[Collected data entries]
[Start of section]

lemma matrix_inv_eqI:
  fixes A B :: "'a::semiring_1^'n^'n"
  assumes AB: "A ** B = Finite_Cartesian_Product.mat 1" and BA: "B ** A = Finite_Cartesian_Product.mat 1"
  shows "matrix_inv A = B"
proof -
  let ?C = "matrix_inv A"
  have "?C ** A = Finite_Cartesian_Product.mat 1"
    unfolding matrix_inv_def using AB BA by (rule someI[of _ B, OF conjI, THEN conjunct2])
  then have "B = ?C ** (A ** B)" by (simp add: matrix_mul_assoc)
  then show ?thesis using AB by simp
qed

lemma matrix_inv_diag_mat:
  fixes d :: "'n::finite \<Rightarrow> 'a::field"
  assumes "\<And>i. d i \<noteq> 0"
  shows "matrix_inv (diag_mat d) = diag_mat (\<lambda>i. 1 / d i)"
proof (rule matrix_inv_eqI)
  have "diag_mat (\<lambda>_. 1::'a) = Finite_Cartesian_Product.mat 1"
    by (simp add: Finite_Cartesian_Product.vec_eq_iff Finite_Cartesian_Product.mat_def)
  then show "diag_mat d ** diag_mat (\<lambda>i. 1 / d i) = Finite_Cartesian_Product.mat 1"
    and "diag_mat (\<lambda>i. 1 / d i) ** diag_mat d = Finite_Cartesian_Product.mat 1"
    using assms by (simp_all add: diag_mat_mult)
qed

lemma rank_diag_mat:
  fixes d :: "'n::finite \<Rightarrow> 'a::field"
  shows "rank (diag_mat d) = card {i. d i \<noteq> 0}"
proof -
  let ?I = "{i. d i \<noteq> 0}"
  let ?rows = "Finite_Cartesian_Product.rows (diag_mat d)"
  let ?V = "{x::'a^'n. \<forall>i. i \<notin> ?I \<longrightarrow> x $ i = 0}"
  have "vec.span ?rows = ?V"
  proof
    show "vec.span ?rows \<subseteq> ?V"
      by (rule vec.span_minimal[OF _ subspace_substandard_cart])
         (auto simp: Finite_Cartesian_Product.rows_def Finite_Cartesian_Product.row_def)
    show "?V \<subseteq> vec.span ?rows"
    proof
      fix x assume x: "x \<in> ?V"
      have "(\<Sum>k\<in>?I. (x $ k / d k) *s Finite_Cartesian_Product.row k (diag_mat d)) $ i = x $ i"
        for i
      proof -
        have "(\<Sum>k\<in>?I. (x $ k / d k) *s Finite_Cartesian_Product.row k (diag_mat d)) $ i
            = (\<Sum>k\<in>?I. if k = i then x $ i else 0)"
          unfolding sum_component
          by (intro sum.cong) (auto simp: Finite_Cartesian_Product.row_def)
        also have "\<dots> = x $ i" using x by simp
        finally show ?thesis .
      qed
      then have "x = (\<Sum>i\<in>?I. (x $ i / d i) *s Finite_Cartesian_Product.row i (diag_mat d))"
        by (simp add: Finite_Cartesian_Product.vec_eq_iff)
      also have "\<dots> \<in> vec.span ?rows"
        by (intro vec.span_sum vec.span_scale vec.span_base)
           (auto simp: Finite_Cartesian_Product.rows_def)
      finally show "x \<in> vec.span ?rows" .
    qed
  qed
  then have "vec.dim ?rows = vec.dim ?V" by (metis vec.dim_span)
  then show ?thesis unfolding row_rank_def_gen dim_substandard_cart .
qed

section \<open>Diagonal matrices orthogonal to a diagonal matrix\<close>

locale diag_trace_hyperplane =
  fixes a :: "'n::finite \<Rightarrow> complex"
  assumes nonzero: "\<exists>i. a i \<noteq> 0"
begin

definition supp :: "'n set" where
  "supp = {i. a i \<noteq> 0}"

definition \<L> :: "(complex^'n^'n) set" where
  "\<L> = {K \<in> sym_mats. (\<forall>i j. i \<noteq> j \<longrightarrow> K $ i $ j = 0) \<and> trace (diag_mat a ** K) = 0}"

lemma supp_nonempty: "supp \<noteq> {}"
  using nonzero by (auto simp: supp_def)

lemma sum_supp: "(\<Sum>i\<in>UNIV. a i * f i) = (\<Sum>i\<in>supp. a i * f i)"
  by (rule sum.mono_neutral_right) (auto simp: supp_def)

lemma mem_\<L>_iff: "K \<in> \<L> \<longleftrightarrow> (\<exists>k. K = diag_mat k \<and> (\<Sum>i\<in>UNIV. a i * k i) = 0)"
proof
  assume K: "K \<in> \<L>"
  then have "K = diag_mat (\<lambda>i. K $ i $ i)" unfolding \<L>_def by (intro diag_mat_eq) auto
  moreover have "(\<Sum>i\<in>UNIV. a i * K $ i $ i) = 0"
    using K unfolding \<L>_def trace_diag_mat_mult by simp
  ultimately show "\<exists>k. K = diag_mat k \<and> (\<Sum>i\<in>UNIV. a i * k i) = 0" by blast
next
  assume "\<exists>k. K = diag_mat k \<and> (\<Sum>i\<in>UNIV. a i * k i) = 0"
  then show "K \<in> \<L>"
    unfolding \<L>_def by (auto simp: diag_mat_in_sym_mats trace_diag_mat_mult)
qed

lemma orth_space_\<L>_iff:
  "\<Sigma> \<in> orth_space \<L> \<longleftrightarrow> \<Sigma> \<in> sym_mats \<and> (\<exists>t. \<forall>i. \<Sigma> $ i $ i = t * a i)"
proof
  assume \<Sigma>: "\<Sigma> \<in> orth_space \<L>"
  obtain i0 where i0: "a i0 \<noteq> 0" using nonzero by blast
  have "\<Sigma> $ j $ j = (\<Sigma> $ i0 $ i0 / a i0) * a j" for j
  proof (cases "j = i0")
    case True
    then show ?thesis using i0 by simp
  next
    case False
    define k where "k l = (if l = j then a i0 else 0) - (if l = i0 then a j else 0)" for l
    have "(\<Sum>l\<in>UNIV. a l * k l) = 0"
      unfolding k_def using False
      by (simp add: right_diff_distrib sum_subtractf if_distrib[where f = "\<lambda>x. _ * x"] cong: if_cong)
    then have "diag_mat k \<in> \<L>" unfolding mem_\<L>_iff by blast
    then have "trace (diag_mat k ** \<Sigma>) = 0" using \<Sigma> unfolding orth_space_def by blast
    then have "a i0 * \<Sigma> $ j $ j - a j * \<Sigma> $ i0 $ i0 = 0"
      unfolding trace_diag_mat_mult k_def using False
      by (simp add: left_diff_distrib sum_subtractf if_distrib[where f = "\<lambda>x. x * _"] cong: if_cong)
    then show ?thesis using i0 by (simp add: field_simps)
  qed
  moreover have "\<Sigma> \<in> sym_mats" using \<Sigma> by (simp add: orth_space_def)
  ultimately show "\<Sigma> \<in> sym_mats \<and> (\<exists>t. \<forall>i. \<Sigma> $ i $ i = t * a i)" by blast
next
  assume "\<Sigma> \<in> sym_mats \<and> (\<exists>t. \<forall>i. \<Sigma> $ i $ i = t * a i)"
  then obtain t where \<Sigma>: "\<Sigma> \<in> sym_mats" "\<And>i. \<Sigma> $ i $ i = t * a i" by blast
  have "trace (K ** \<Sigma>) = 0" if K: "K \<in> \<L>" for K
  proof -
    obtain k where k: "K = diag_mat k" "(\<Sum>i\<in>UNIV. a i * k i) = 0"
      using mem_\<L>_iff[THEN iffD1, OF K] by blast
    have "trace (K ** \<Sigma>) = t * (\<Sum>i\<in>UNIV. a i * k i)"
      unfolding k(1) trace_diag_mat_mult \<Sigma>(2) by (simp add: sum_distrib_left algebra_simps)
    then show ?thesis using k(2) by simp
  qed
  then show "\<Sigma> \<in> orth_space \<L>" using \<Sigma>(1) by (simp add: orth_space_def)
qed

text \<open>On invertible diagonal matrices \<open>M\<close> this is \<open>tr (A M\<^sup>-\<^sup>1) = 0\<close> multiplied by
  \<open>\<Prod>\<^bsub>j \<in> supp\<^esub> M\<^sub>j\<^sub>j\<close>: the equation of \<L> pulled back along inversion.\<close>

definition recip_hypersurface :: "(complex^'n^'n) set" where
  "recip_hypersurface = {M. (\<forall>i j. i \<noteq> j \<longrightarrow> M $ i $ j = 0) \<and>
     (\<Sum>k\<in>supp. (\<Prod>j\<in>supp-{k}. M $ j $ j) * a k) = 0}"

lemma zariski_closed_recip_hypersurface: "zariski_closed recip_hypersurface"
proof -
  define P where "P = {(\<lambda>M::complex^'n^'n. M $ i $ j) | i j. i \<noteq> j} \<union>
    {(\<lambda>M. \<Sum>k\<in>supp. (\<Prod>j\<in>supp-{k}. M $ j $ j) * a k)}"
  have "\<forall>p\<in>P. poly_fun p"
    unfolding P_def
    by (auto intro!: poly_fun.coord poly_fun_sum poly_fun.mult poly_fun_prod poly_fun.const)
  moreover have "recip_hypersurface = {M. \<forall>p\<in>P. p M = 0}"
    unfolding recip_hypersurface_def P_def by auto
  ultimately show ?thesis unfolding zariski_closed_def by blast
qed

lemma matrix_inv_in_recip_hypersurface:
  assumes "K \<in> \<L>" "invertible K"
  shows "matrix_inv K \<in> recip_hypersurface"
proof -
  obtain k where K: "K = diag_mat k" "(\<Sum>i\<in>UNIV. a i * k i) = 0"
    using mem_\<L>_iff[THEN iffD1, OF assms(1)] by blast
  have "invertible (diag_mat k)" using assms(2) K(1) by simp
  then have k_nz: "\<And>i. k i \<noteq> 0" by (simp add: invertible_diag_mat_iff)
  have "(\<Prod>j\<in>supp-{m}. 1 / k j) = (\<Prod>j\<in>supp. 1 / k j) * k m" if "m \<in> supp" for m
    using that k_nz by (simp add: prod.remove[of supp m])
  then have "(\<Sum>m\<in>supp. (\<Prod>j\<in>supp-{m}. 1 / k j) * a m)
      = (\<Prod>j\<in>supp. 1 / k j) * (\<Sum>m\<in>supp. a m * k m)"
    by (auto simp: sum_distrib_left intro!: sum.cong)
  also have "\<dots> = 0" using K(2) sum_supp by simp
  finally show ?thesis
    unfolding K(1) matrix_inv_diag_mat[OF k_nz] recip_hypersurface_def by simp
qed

[End of section]

Your assignment:
Only the lines above from the one with "text \<open>On invertible" through the one with "K(1) by simp" should be duplicated, character for character.

Worked solution:
text \<open>On invertible diagonal matrices \<open>M\<close> this is \<open>tr (A M\<^sup>-\<^sup>1) = 0\<close> multiplied by
  \<open>\<Prod>\<^bsub>j \<in> supp\<^esub> M\<^sub>j\<^sub>j\<close>: the equation of \<L> pulled back along inversion.\<close>

definition recip_hypersurface :: "(complex^'n^'n) set" where
  "recip_hypersurface = {M. (\<forall>i j. i \<noteq> j \<longrightarrow> M $ i $ j = 0) \<and>
     (\<Sum>k\<in>supp. (\<Prod>j\<in>supp-{k}. M $ j $ j) * a k) = 0}"

lemma zariski_closed_recip_hypersurface: "zariski_closed recip_hypersurface"
proof -
  define P where "P = {(\<lambda>M::complex^'n^'n. M $ i $ j) | i j. i \<noteq> j} \<union>
    {(\<lambda>M. \<Sum>k\<in>supp. (\<Prod>j\<in>supp-{k}. M $ j $ j) * a k)}"
  have "\<forall>p\<in>P. poly_fun p"
    unfolding P_def
    by (auto intro!: poly_fun.coord poly_fun_sum poly_fun.mult poly_fun_prod poly_fun.const)
  moreover have "recip_hypersurface = {M. \<forall>p\<in>P. p M = 0}"
    unfolding recip_hypersurface_def P_def by auto
  ultimately show ?thesis unfolding zariski_closed_def by blast
qed

lemma matrix_inv_in_recip_hypersurface:
  assumes "K \<in> \<L>" "invertible K"
  shows "matrix_inv K \<in> recip_hypersurface"
proof -
  obtain k where K: "K = diag_mat k" "(\<Sum>i\<in>UNIV. a i * k i) = 0"
    using mem_\<L>_iff[THEN iffD1, OF assms(1)] by blast
  have "invertible (diag_mat k)" using assms(2) K(1) by simp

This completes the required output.